Plot the accuracy of the model on the different grammatical phenomena, represented in different test suites.
Calculate the average accuracies and the confidence intervals in the different fields: syntax, morphology, syntax-semantics, semantics. Is the performance the same across the different fields? Which field is the most difficult one?
What is the easiest grammatical phenomenon, what is the most difficult gramamtical phenomenon (as captured by the single test suites) for the model?

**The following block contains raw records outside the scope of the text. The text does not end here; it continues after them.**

(* In the Restricted Grid Scheduling problem, for any finite multiset of items (each of size $S$ or $L$) and any admissible sequence of bins (each of size in $[S,M]$), there exists an optimal thrifty packing that contains no bad bin.
   Context: Fix an integer $S>1$, $L=2S-1$, $M=4S-3$. Items have size $S$ or $L$; bins have integer sizes in $[S,M]$ and arrive in a sequence, which is admissible if it ends with at least as many bins of size $M$ as there are items. A packing assigns every item to a bin with total item size in each bin at most the bin size; used bins are those receiving at least one item; the cost is the sum of sizes of used bins. A packing is valid if each empty bin is smaller than every item packed in a later bin; optimal if valid and of minimum cost among valid packings. A bin is wasteful if its empty space is at least the size of some item packed in a later bin; a packing is thrifty if it has no wasteful bin. A used bin is bad if it contains at least one item of size $S$, its empty space is at least $L-S$, and some item of size $L$ is packed in a later bin. *)

theory Defs
  imports Main
begin

text \<open>Restricted Grid Scheduling. Items are given as a list of sizes (a multiset up to
order), bins as a list of sizes in arrival order. A packing is a map from item indices
to bin indices.\<close>

definition Lsz :: "nat \<Rightarrow> nat" where "Lsz S = 2 * S - 1"
definition Msz :: "nat \<Rightarrow> nat" where "Msz S = 4 * S - 3"
lemma local_subgaussian_identical_distr:
  assumes [measurable]: "X \<in> borel_measurable M" "Y \<in> borel_measurable M"
    and "distr M borel X = distr M borel Y" and "local_subgaussian Y B s\<^sub>0"
  shows "local_subgaussian X B s\<^sub>0"
  using assms identical_distr_integrable_expectation[of X Y "\<lambda>x. exp (_ * x)"]
  unfolding local_subgaussian_def by simp

lemma chernoff_indep_sum:
  fixes Y :: "'i \<Rightarrow> 'a \<Rightarrow> real"
  assumes "finite K" and indep: "indep_vars (\<lambda>_. borel) Y K" and "t > 0"
    and integrable: "\<And>k. k \<in> K \<Longrightarrow> integrable M (\<lambda>\<omega>. exp (t * Y k \<omega>))"
  shows "measure M {\<omega>\<in>space M. a \<le> (\<Sum>k\<in>K. Y k \<omega>)}
           \<le> (\<Prod>k\<in>K. expectation (\<lambda>\<omega>. exp (t * Y k \<omega>))) / exp (t * a)"
proof -
  have [measurable]: "Y k \<in> borel_measurable M" if "k \<in> K" for k
    using indep that by (simp add: indep_vars_def)
  define P where "P \<omega> = (\<Prod>k\<in>K. exp (t * Y k \<omega>))" for \<omega>
  have indep_exp: "indep_vars (\<lambda>_. borel) (\<lambda>k \<omega>. exp (t * Y k \<omega>)) K"
    by (rule indep_vars_compose2[OF indep]) simp
  have "{\<omega>\<in>space M. a \<le> (\<Sum>k\<in>K. Y k \<omega>)} = {\<omega>\<in>space M. exp (t * a) \<le> P \<omega>}"
    using \<open>t > 0\<close> by (simp add: P_def \<open>finite K\<close> flip: exp_sum sum_distrib_left)
  also have "measure M \<dots> \<le> expectation P / exp (t * a)"
    using indep_vars_integrable[OF \<open>finite K\<close> indep_exp integrable]
    by (intro integral_Markov_inequality_measure[where A="space M"]) (auto simp: P_def prod_nonneg)
  also have "expectation P = (\<Prod>k\<in>K. expectation (\<lambda>\<omega>. exp (t * Y k \<omega>)))"
    unfolding P_def by (rule indep_vars_lebesgue_integral[OF \<open>finite K\<close> indep_exp integrable])
  finally show ?thesis .
qed
lemma stirling_rem_ge: "k \<ge> 1 \<Longrightarrow> 5/6 \<le> stirling_rem k"
proof -
  assume "k \<ge> 1"
  then have "0 \<le> 1 / (6 * (2 * real k - 1))" by simp
  with stirling_rem_ge_strong[OF \<open>k \<ge> 1\<close>] show ?thesis by linarith
qed

lemma fact_eq_stirling_rem:
  assumes "k \<ge> 1"
  shows "fact k = exp (stirling_rem k) * sqrt (real k) * real k ^ k / exp (real k)"
proof -
  have k0: "real k > 0" using assms by simp
  have "exp ((real k + 1/2) * ln (real k)) = exp (real k * ln (real k)) * exp (ln (real k) / 2)"
    by (simp add: algebra_simps exp_add[symmetric])
  also have "\<dots> = real k ^ k * sqrt (real k)"
    using k0 by (simp add: exp_of_nat_mult powr_half_sqrt[symmetric] powr_def)
  finally have "exp ((real k + 1/2) * ln (real k)) = real k ^ k * sqrt (real k)" .
  moreover have "(fact k :: real) = exp (stirling_rem k + (real k + 1/2) * ln (real k) - real k)"
    by (simp add: stirling_rem_def)
  ultimately show ?thesis by (simp add: exp_add exp_diff)
qed

lemma fact_le_stirling:
  assumes "k \<ge> 1" shows "fact k \<le> exp 1 * sqrt (real k) * real k ^ k / exp (real k)"
  unfolding fact_eq_stirling_rem[OF assms] using stirling_rem_le_one[OF assms]
  by (intro divide_right_mono mult_right_mono) auto

lemma stirling_le_fact:
  assumes "k \<ge> 1" shows "exp (5/6) * sqrt (real k) * real k ^ k / exp (real k) \<le> fact k"
  unfolding fact_eq_stirling_rem[OF assms] using stirling_rem_ge[OF assms]
  by (intro divide_right_mono mult_right_mono) auto

section \<open>Multinomial coefficients\<close>

lemma tuples_Suc_iff: "v \<in> tuples m (Suc i) \<longleftrightarrow> v i \<le> m \<and> v(i := 0) \<in> tuples (m - v i) i"
proof -
  have "(\<Sum>j<i. (v(i := 0)) j) = (\<Sum>j<i. v j)" by (rule sum.cong) auto
  moreover have "(\<forall>j. Suc i \<le> j \<longrightarrow> v j = 0) \<longleftrightarrow> (\<forall>j. i \<le> j \<longrightarrow> (v(i := 0)) j = 0)"
    by (auto simp: Suc_le_eq)
  ultimately show ?thesis unfolding tuples_def by auto
qed

lemma tuples_0: "tuples m 0 = (if m = 0 then {\<lambda>_. 0} else {})"
  by (auto simp: tuples_def)

lemma tuples_Suc_eq_image:
  "tuples m (Suc i) = (\<lambda>(k, u). u(i := k)) ` (SIGMA k:{..m}. tuples (m - k) i)"
proof (intro equalityI subsetI)
  fix v assume "v \<in> tuples m (Suc i)"
  then have "v i \<le> m" "v(i := 0) \<in> tuples (m - v i) i" by (auto simp: tuples_Suc_iff)
  then show "v \<in> (\<lambda>(k, u). u(i := k)) ` (SIGMA k:{..m}. tuples (m - k) i)"
    by (intro image_eqI[of _ _ "(v i, v(i := 0))"]) auto
next
  fix v assume "v \<in> (\<lambda>(k, u). u(i := k)) ` (SIGMA k:{..m}. tuples (m - k) i)"
  then obtain k u where "k \<le> m" "u \<in> tuples (m - k) i" "v = u(i := k)" by auto
  moreover from this have "(u(i := k))(i := 0) = u" by (auto simp: tuples_def)
  ultimately show "v \<in> tuples m (Suc i)" by (simp add: tuples_Suc_iff)
qed

lemma inj_on_tuples_upd: "inj_on (\<lambda>(k, u). u(i := k)) (SIGMA k:{..m}. tuples (m - k) i)"
proof (rule inj_onI, clarify)
  fix k u k' u'
  assume "u \<in> tuples (m - k) i" "u' \<in> tuples (m - k') i" and e: "u(i := k) = u'(i := k')"
  then have "u i = 0" "u' i = 0" by (simp_all add: tuples_def)
  with e show "k = k' \<and> u = u'" by (metis fun_upd_same fun_upd_triv fun_upd_upd)
qed

lemma finite_tuples: "finite (tuples m i)"
  by (induction i arbitrary: m) (simp_all add: tuples_0 tuples_Suc_eq_image)

lemma prod_fact_dvd_fact: "v \<in> tuples m i \<Longrightarrow> (\<Prod>j<i. fact (v j)) dvd (fact m :: nat)"
proof (induction i arbitrary: m v)
  case 0 then show ?case by simp
next
  case (Suc i)
  then have vi: "v i \<le> m" and "v(i := 0) \<in> tuples (m - v i) i" by (auto simp: tuples_Suc_iff)
  from Suc.IH[OF this(2)] have "(\<Prod>j<i. fact (v j)) dvd (fact (m - v i) :: nat)" by simp
  then have "(\<Prod>j<i. fact (v j)) * fact (v i) dvd (fact (m - v i) * fact (v i) :: nat)"
    by (rule mult_dvd_mono) simp
  also have "\<dots> dvd fact m" using fact_fact_dvd_fact[of "m - v i" "v i"] vi by simp
  finally show ?case by simp
qed

lemma of_nat_multinom: "v \<in> tuples m i \<Longrightarrow> real (multinom m i v) = fact m / (\<Prod>j<i. fact (v j))"
  unfolding multinom_def by (simp add: real_of_nat_div prod_fact_dvd_fact)

lemma multinom_Suc_upd:
  assumes "k \<le> m" and u: "u \<in> tuples (m - k) i"
  shows "multinom m (Suc i) (u(i := k)) = (m choose k) * multinom (m - k) i u"
proof -
  have "u(i := k) \<in> tuples m (Suc i)" using assms unfolding tuples_Suc_eq_image by auto
  moreover have "(\<Prod>j<i. fact ((u(i := k)) j)) = (\<Prod>j<i. fact (u j) :: real)"
    by (rule prod.cong) auto
  ultimately have "real (multinom m (Suc i) (u(i := k))) = fact m / ((\<Prod>j<i. fact (u j)) * fact k)"
    by (simp add: of_nat_multinom)
  also have "\<dots> = real (m choose k) * real (multinom (m - k) i u)"
    using assms by (simp add: of_nat_multinom binomial_fact field_simps)
  finally show ?thesis by (simp flip: of_nat_mult)
qed

lemma sum_multinom: "(\<Sum>v\<in>tuples m i. multinom m i v) = i ^ m"
proof (induction i arbitrary: m)
  case 0 then show ?case by (simp add: tuples_0 multinom_def)
next
  case (Suc i)
  have "(\<Sum>v\<in>tuples m (Suc i). multinom m (Suc i) v)
      = (\<Sum>k\<le>m. \<Sum>u\<in>tuples (m - k) i. multinom m (Suc i) (u(i := k)))"
    unfolding tuples_Suc_eq_image
    by (subst sum.reindex[OF inj_on_tuples_upd]) (simp add: sum.Sigma finite_tuples case_prod_unfold)
  also have "\<dots> = (\<Sum>k\<le>m. (m choose k) * i ^ (m - k))"
    by (simp add: multinom_Suc_upd sum_distrib_left[symmetric] Suc.IH)
  also have "\<dots> = Suc i ^ m"
    using binomial_ring[of 1 i m] by simp
  finally show ?case .
qed

lemma multinom_le_power: "v \<in> tuples m i \<Longrightarrow> multinom m i v \<le> i ^ m"
  using member_le_sum[OF _ _ finite_tuples, of v m i "multinom m i"] by (simp add: sum_multinom)

lemma F_le_max_multinom:
  assumes "\<And>v. v \<in> tuples m i \<Longrightarrow> multinom m i v \<le> M"
  shows "F m i \<le> M * i ^ m"
proof -
  have "F m i \<le> (\<Sum>v\<in>tuples m i. M * multinom m i v)"
    unfolding F_def power2_eq_square using assms by (intro sum_mono mult_right_mono) auto
  then show ?thesis by (simp add: sum_distrib_left[symmetric] sum_multinom)
qed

from datasets import load_dataset
import torch
from minicons import scorer
import torch
if torch.cuda.is_available():
device = torch.device('cuda')
elif torch.backends.mps.is_available():
device = torch.device('mps')
else:
device = torch.device('cpu')
# iterate over the test suites
#### YOUR CODE HERE ####
dataset = load_dataset("nyu-mll/blimp", #### YOUR TEST SUITE HERE ####)
# inspect the dataset
dataset["train"][0]
# iterate over the single items of the test suite
# hint: you can use code similar to the one in sheet 7.1
# set up the model as a minicons scorer
lm_scorer = scorer.IncrementalLMScorer(
### YOUR CODE HERE ###
)
# create some lists to store the results
### YOUR CODE HERE ###
for item in dataset["train"]:
# get the sentence pair
### YOUR CODE HERE ###
# compare the sentences as suggested in the task description
### YOUR CODE HERE ###
# calculate the performance by test suite
### YOUR CODE HERE ###
# plot the results in a bar plot
### YOUR CODE HERE ###
# calculate the performance as described above by category and plot the results in a bar plot with CIs
### YOUR CODE HERE ###
Exercise 2: Evaluating societal biases (13 points)#
In this exercise, we will consider aspects of LLM performance which may have social implications and that are deeply interconnected with how humans use language. This task evaluates whether LLMs overrepresent certain cultures over others, which could be due to, e.g., imbalances over training data sources and languages.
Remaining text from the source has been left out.